# Nothing Cuter...



## KathyBell (Nov 7, 2009)

OK, I'll admit, I'm biased but I really don't think there is anything cuter than a litter of tubby bulldog puppies! Mine just hit 7 weeks and I don't think I was able to take a bad picture of this bunch!
























Their grandpa was #1 bulldog in Canada in 2007/2008, won 2 Best in Shows, and finished his AKC title as one of the top-winningest Canadian bulldogs to visit the US, finishing in 4 major wins.

http://www.facebook.com/pages/Adoreabull-Bulldogs/155148004532534#!

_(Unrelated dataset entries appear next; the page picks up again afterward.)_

(* Let $k\ge2$ and $T_1=\sum_{j=1}^{k-1}(16(k-j)-4)$. Let $e_0=v_1^1v_1^2v_1^3$ and, for $i\in[1,T_1]$, let $s\in[1,k-1]$ be the unique integer with $\sum_{j=1}^{s-1}(16(k-j)-4)<i\le\sum_{j=1}^{s}(16(k-j)-4)$, set $\alpha=i-\sum_{j=1}^{s-1}(16(k-j)-4)\in[1,16(k-s)-4]$, and define - $e_i=v_{2s-1}^1v_{2s-1+\alpha}^2v_1^3$ if $\alpha\in[1,4(k-s)]$; - $e_i=v_{6s-4k-1+\alpha}^1v_{4k-2s-1}^2v_1^3$ if $\alpha\in[4(k-s)+1,8(k-s)]$; - $e_i=v_{4k-2s-1}^1v_{12k-10s-1-\alpha}^2v_1^3$ if $\alpha\in[8(k-s)+1,12(k-s)-2]$; - $e_i=v_{16k-14s-3-\alpha}^1v_{2s+1}^2v_1^3$ if $\alpha\in[12(k-s)-1,16(k-s)-4]$. Then the $3$-graph $H_1=\mathcal{E}\cup\mathcal{F}\cup\{e_0\}$, with vertex set $A_1\cup A_2\cup\{v_1^3\}$, is $(e_i)_{i=0}^{T_1}$-sequential.
   Context: Let $A_1=\{v^1_1,\dots,v^1_{4k-3}\}$, $A_2=\{v^2_1,\dots,v^2_{4k-3}\}$ be disjoint sets and $v_1^3$ a further vertex. Writing $xyz$ for $\{x,y,z\}$, for $i\in[1,k-1]$ let $\mathcal{E}_{1,i}=\{v_{2i-1}^1v_j^2v_{j+1}^2 : j\in[2i-1,4k-2-2i]\}$, $\mathcal{E}_{2,i}=\{v_j^1v_{j+1}^1v_{4k-1-2i}^2 : j\in[2i-1,4k-2-2i]\}$, $\mathcal{E}_{3,i}=\{v_{4k-1-2i}^1v_j^2v_{j+1}^2 : j\in[2i+1,4k-2-2i]\}$, $\mathcal{E}_{4,i}=\{v_j^1v_{j+1}^1v_{2i+1}^2 : j\in[2i+1,4k-2-2i]\}$, and $\mathcal{E}=\bigcup_{i=1}^{k-1}(\mathcal{E}_{1,i}\cup\mathcal{E}_{2,i}\cup\mathcal{E}_{3,i}\cup\mathcal{E}_{4,i})$. Let $\mathcal{F}=\{v_j^lv_{j+1}^lv_1^3 : j\in[1,4k-4],\ l\in\{1,2\}\}$. The $F_3$-bootstrap process ($F_3=K^3_4$) in the complete $3$-graph on a vertex set $V$ started from $G_0$: $G_i=G_{i-1}\cup\{e : e\notin G_{i-1} \text{ a } 3\text{-subset of } V,\ \exists\, w\in V\setminus e \text{ with the other three } 3\text{-subsets of } e\cup\{w\} \text{ in } G_{i-1}\}$; sets in $G_i\setminus G_{i-1}$ are infected at step $i$; $G_0$ is stationary if $G_1=G_0$. Definition: a $3$-graph $H$ on vertex set $V$ is $(e_i)_{i=0}^T$-sequential (for $3$-subsets $e_i$ of $V$ with $e_0\in H$) if (i) the process started from $H$ becomes stationary after $T$ steps and infects only $e_i$ at step $i$ for each $i\in[1,T]$; (ii) $H\setminus\{e_0\}$ is stationary; (iii) the process started from $(H\cup\{e_T\})\setminus\{e_0\}$ infects only $e_{T-i}$ at step $i$ for each $i\in[1,T]$. *)

theory Defs
  imports Main
begin

type_synonym vert = "nat \<times> nat"

definition v :: "nat \<Rightarrow> nat \<Rightarrow> vert" where "v l j = (l, j)"

definition boot_step :: "'a set \<Rightarrow> 'a set set \<Rightarrow> 'a set set" where
  "boot_step V G = G \<union> {e. e \<subseteq> V \<and> card e = 3 \<and> e \<notin> G \<and>
      (\<exists>w \<in> V - e. \<forall>f. f \<subseteq> insert w e \<and> card f = 3 \<and> f \<noteq> e \<longrightarrow> f \<in> G)}"

definition boot :: "'a set \<Rightarrow> 'a set set \<Rightarrow> nat \<Rightarrow> 'a set set" where
  "boot V G0 i = (boot_step V ^^ i) G0"

definition stationary :: "'a set \<Rightarrow> 'a set set \<Rightarrow> bool" where
  "stationary V G \<longleftrightarrow> boot_step V G = G"

definition is_3graph :: "'a set \<Rightarrow> 'a set set \<Rightarrow> bool" where
  "is_3graph V H \<longleftrightarrow> (\<forall>e \<in> H. e \<subseteq> V \<and> card e = 3)"

definition sequential :: "'a set \<Rightarrow> 'a set set \<Rightarrow> (nat \<Rightarrow> 'a set) \<Rightarrow> nat \<Rightarrow> bool" where
  "sequential V H e T \<longleftrightarrow>
     is_3graph V H \<and>
     (\<forall>i \<le> T. e i \<subseteq> V \<and> card (e i) = 3) \<and> e 0 \<in> H \<and>
     \<comment> \<open>(i)\<close>
     stationary V (boot V H T) \<and>
     (\<forall>i \<in> {1..T}. boot V H i - boot V H (i - 1) = {e i}) \<and>
     \<comment> \<open>(ii)\<close>
     stationary V (H - {e 0}) \<and>
     \<comment> \<open>(iii)\<close>
     (\<forall>i \<in> {1..T}. boot V ((H \<union> {e T}) - {e 0}) i - boot V ((H \<union> {e T}) - {e 0}) (i - 1)
                     = {e (T - i)})"

definition A1 :: "nat \<Rightarrow> vert set" where "A1 k = {v 1 j | j. j \<in> {1..4*k-3}}"
definition A2 :: "nat \<Rightarrow> vert set" where "A2 k = {v 2 j | j. j \<in> {1..4*k-3}}"
definition VH :: "nat \<Rightarrow> vert set" where "VH k = A1 k \<union> A2 k \<union> {v 3 1}"

definition E1 :: "nat \<Rightarrow> nat \<Rightarrow> vert set set" where
  "E1 k i = {{v 1 (2*i-1), v 2 j, v 2 (j+1)} | j. j \<in> {2*i-1..4*k-2-2*i}}"
definition E2 :: "nat \<Rightarrow> nat \<Rightarrow> vert set set" where
  "E2 k i = {{v 1 j, v 1 (j+1), v 2 (4*k-1-2*i)} | j. j \<in> {2*i-1..4*k-2-2*i}}"
definition E3 :: "nat \<Rightarrow> nat \<Rightarrow> vert set set" where
  "E3 k i = {{v 1 (4*k-1-2*i), v 2 j, v 2 (j+1)} | j. j \<in> {2*i+1..4*k-2-2*i}}"
definition E4 :: "nat \<Rightarrow> nat \<Rightarrow> vert set set" where
  "E4 k i = {{v 1 j, v 1 (j+1), v 2 (2*i+1)} | j. j \<in> {2*i+1..4*k-2-2*i}}"

definition EE :: "nat \<Rightarrow> vert set set" where
  "EE k = (\<Union>i \<in> {1..k-1}. E1 k i \<union> E2 k i \<union> E3 k i \<union> E4 k i)"

definition FF :: "nat \<Rightarrow> vert set set" where
  "FF k = {{v l j, v l (j+1), v 3 1} | j l. j \<in> {1..4*k-4} \<and> l \<in> {1,2}}"

definition psum :: "nat \<Rightarrow> nat \<Rightarrow> nat" where
  "psum k s = (\<Sum>j = 1..s. 16*(k-j) - 4)"

definition T1 :: "nat \<Rightarrow> nat" where "T1 k = psum k (k-1)"

definition sidx :: "nat \<Rightarrow> nat \<Rightarrow> nat" where
  "sidx k i = (THE s. s \<in> {1..k-1} \<and> psum k (s-1) < i \<and> i \<le> psum k s)"

text \<open>The sequence e_i. Index arithmetic is written so that no natural-number
 subtraction truncates in the relevant range of alpha.\<close>
definition eseq :: "nat \<Rightarrow> nat \<Rightarrow> vert set" where
  "eseq k i = (if i = 0 then {v 1 1, v 2 1, v 3 1} else
     (let s = sidx k i; \<alpha> = i - psum k (s-1) in
      if \<alpha> \<in> {1..4*(k-s)} then {v 1 (2*s-1), v 2 (2*s-1+\<alpha>), v 3 1}
      else if \<alpha> \<in> {4*(k-s)+1..8*(k-s)} then {v 1 ((6*s+\<alpha>) - (4*k+1)), v 2 (4*k-2*s-1), v 3 1}
      else if \<alpha> \<in> {8*(k-s)+1..12*(k-s)-2} then {v 1 (4*k-2*s-1), v 2 (12*k - (10*s+1+\<alpha>)), v 3 1}
      else {v 1 (16*k - (14*s+3+\<alpha>)), v 2 (2*s+1), v 3 1}))"

definition H1 :: "nat \<Rightarrow> vert set set" where
  "H1 k = EE k \<union> FF k \<union> {eseq k 0}"

end

theory Submission
  imports Defs
begin

text \<open>
  Identify the triple \<open>v\<^sup>1\<^sub>a v\<^sup>2\<^sub>b v\<^sup>3\<^sub>1\<close> with the cell \<open>(a, b)\<close> of the grid
  \<open>{1..n} \<times> {1..n}\<close>, \<open>n = 4k - 3\<close>. The \<open>e\<^sub>i\<close> are then the cells \<open>p\<^sub>0, \<dots>, p\<^sub>T\<close> of a
  square spiral whose rings lie two apart, so two of its cells are adjacent in the grid only if
  they are consecutive on the spiral. \<open>\<E>\<close> consists of the triples spanned by consecutive cells
  (\<open>v\<^sup>1\<^sub>a v\<^sup>1\<^sub>a\<^sub>' v\<^sup>2\<^sub>b\<close> or \<open>v\<^sup>1\<^sub>a v\<^sup>2\<^sub>b v\<^sup>2\<^sub>b\<^sub>'\<close>), and \<open>\<F>\<close> of the triples
  \<open>v\<^sup>l\<^sub>j v\<^sup>l\<^sub>j\<^sub>+\<^sub>1 v\<^sup>3\<^sub>1\<close>. Going through the possible \<open>K\<^sup>3\<^sub>4\<close>'s one finds that
  over \<open>\<E> \<union> \<F>\<close> plus the cell triples of a set \<open>C\<close> of spiral cells, one step of the process
  infects exactly the cell triples of the spiral cells next to \<open>C\<close> in the grid. So the
  infection started at either end of the spiral advances by one cell per step, and without a
  cell triple nothing is infected at all.
\<close>

section \<open>Infection along an induced path of grid cells\<close>

lemma three_subsets_of_four:
  assumes "distinct [w, x, y, z]" "f \<subseteq> {w, x, y, z}" "card f = 3" "f \<noteq> {x, y, z}"
  shows "f = {w, y, z} \<or> f = {w, x, z} \<or> f = {w, x, y}"
proof -
  have "card ({w, x, y, z} - f) = 1"
    using assms(1-3) by (simp add: card_Diff_subset[OF finite_subset])
  then obtain u where u: "{w, x, y, z} - f = {u}" by (rule card_1_singletonE)
  then have "f = {w, x, y, z} - {u}" "u \<in> {w, x, y, z}" using assms(2) by auto
  then show ?thesis using assms(1,4) by (auto simp: insert_Diff_if)
qed

lemma boot_stepE:
  assumes "e \<in> boot_step V G" "e \<notin> G"
  obtains w x y z where "e = {x, y, z}" "distinct [w, x, y, z]"
    "w \<in> V" "x \<in> V" "y \<in> V" "z \<in> V" "{w, y, z} \<in> G" "{w, x, z} \<in> G" "{w, x, y} \<in> G"
proof -
  from assms obtain w where eV: "e \<subseteq> V" and e3: "card e = 3" and wV: "w \<in> V - e"
    and faces: "\<And>f. f \<subseteq> insert w e \<Longrightarrow> card f = 3 \<Longrightarrow> f \<noteq> e \<Longrightarrow> f \<in> G"
    unfolding boot_step_def by blast
  from e3 obtain x y z where xyz: "e = {x, y, z}" "x \<noteq> y" "y \<noteq> z" "x \<noteq> z"
    unfolding card_3_iff by blast
  have w: "w \<noteq> x" "w \<noteq> y" "w \<noteq> z" using wV xyz by auto
  show ?thesis
  proof (rule that[OF xyz(1)])
    show "distinct [w, x, y, z]" using w xyz(2-4) by simp
    show "w \<in> V" "x \<in> V" "y \<in> V" "z \<in> V" using wV eV xyz(1) by auto
    show "{w, y, z} \<in> G" using faces[of "{w, y, z}"] xyz w by auto
    show "{w, x, z} \<in> G" using faces[of "{w, x, z}"] xyz w by auto
    show "{w, x, y} \<in> G" using faces[of "{w, x, y}"] xyz w by auto
  qed
qed

lemma boot_stepI:
  assumes "distinct [w, x, y, z]" "w \<in> V" "x \<in> V" "y \<in> V" "z \<in> V"
    "{w, y, z} \<in> G" "{w, x, z} \<in> G" "{w, x, y} \<in> G"
  shows "{x, y, z} \<in> boot_step V G"
proof -
  have "f \<in> G" if "f \<subseteq> {w, x, y, z}" "card f = 3" "f \<noteq> {x, y, z}" for f
    using three_subsets_of_four[OF assms(1) that] assms(6-8) by auto
  moreover have "{x, y, z} \<subseteq> V" "card {x, y, z} = 3" "w \<in> V - {x, y, z}"
    using assms(1-5) by auto
  ultimately show ?thesis unfolding boot_step_def by blast
qed

definition grid_adj :: "'a::{one,plus} \<times> 'a \<Rightarrow> 'a \<times> 'a \<Rightarrow> bool" where
  "grid_adj c d \<longleftrightarrow>
     (fst c = fst d \<and> (snd d = snd c + 1 \<or> snd c = snd d + 1)) \<or>
     (snd c = snd d \<and> (fst d = fst c + 1 \<or> fst c = fst d + 1))"

lemma grid_adj_commute: "grid_adj c d \<longleftrightarrow> grid_adj d c"
  unfolding grid_adj_def by auto

lemma grid_adj_row: "a' = a + 1 \<or> a = a' + 1 \<Longrightarrow> grid_adj (a, b) (a', b)"
  unfolding grid_adj_def by auto

lemma grid_adj_column: "b' = b + 1 \<or> b = b' + 1 \<Longrightarrow> grid_adj (a, b) (a, b')"
  unfolding grid_adj_def by auto

lemma grid_adj_int: "grid_adj (map_prod int int c) (map_prod int int d) \<longleftrightarrow> grid_adj c d"
  unfolding grid_adj_def by (cases c; cases d) auto

definition grid_vertices :: "nat \<Rightarrow> vert set" where
  "grid_vertices n = {(l, j) | l j. l \<in> {1, 2} \<and> j \<in> {1..n}} \<union> {(3, 1)}"

definition cell_edge :: "nat \<times> nat \<Rightarrow> vert set" where
  "cell_edge c = {(1, fst c), (2, snd c), (3, 1)}"

definition square_edge :: "nat \<times> nat \<Rightarrow> nat \<times> nat \<Rightarrow> vert set" where
  "square_edge c d = {(1, fst c), (1, fst d), (2, snd c), (2, snd d)}"

definition fan_edges :: "nat \<Rightarrow> vert set set" where
  "fan_edges n = {{(l, j), (l, j + 1), (3, 1)} | l j. l \<in> {1, 2} \<and> 1 \<le> j \<and> j < n}"

definition path_edges :: "(nat \<Rightarrow> nat \<times> nat) \<Rightarrow> nat \<Rightarrow> vert set set" where
  "path_edges p T = {square_edge (p m) (p (m + 1)) | m. m < T}"

lemma grid_vertices_cases:
  assumes "u \<in> grid_vertices n"
  obtains j where "u = (1, j)" "1 \<le> j" "j \<le> n" | j where "u = (2, j)" "1 \<le> j" "j \<le> n"
    | "u = (3, 1)"
  using assms unfolding grid_vertices_def by auto

definition level :: "nat \<Rightarrow> vert set \<Rightarrow> nat set" where
  "level l X = {j. (l, j) \<in> X}"

lemma level_insert [simp]:
  "level l (insert (l', j) X) = (if l = l' then insert j (level l X) else level l X)"
  unfolding level_def by auto

lemma level_empty [simp]: "level l {} = {}"
  unfolding level_def by auto

lemma levels_eq:
  "X = Y \<Longrightarrow> level 1 X = level 1 Y \<and> level 2 X = level 2 Y \<and> level 3 X = level 3 Y"
  by simp

text \<open>As a simplification rule this sorts literal vertex sets by level, so that membership
  lemmas only need to be stated for sorted triples.\<close>

lemma insert_commute_level:
  "l' < l \<Longrightarrow> insert (l, a) (insert (l', b) X) = insert (l', b) (insert (l, a) X)"
  by (rule insert_commute)

lemma cell_edge_in_image: "{(1, a), (2, b), (3, 1)} \<in> cell_edge ` X \<longleftrightarrow> (a, b) \<in> X"
proof
  assume "{(1, a), (2, b), (3, 1)} \<in> cell_edge ` X"
  then obtain c where "c \<in> X" "cell_edge c = {(1, a), (2, b), (3, 1)}"
    by (metis imageE)
  then show "(a, b) \<in> X" unfolding cell_edge_def by (cases c) (auto dest!: levels_eq)
next
  assume "(a, b) \<in> X"
  then show "{(1, a), (2, b), (3, 1)} \<in> cell_edge ` X"
    by (rule rev_image_eqI) (simp add: cell_edge_def)
qed

lemma cell_edge_inj: "cell_edge c = cell_edge d \<Longrightarrow> c = d"
  unfolding cell_edge_def by (cases c; cases d) (auto dest!: levels_eq)

lemma square_edge_commute: "square_edge c d = square_edge d c"
  unfolding square_edge_def by auto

Hope you get a smile out of those wrinkles


----------



## Daniel Arenson (Apr 11, 2010)

PUPPIES!!!


----------



## izzy (Jun 12, 2010)

Aww so cute!
I'm biased though I have a 6 month old bulldog who is amazing.


----------



## Cindy416 (May 2, 2009)

They are adorable!


----------



## Carol Hanrahan (Mar 31, 2009)

Ooooh, I just wanna smoozie all those wrinkles!


----------



## ◄ Jess ► (Apr 21, 2010)

Awwwwww!! Now I want a puppy!


----------



## JoeMitchell (Jun 6, 2010)

Mmm puppy breath!

Bulldogs.  I love how they snort.  My wife hates it though.


----------



## caracara (May 23, 2010)

Very cute.
My Aunt has bull dogs, so adorable.


----------



## traceya (Apr 26, 2010)

They're so cute.  My sister has a bulldog and they have the best temperaments


----------



## KathyBell (Nov 7, 2009)

Cindy416 said:


> They are adorable!


Our kennel name is AdoreABull 










They do have awesome personalities, but have a stubborn streak which is legendary. And they say, don't walk them further than you can carry them back!


----------



## Cindy416 (May 2, 2009)

KathyBell said:


> Our kennel name is AdoreABull
> 
> 
> 
> ...


Love the comment about not walking them farther than you can carry them!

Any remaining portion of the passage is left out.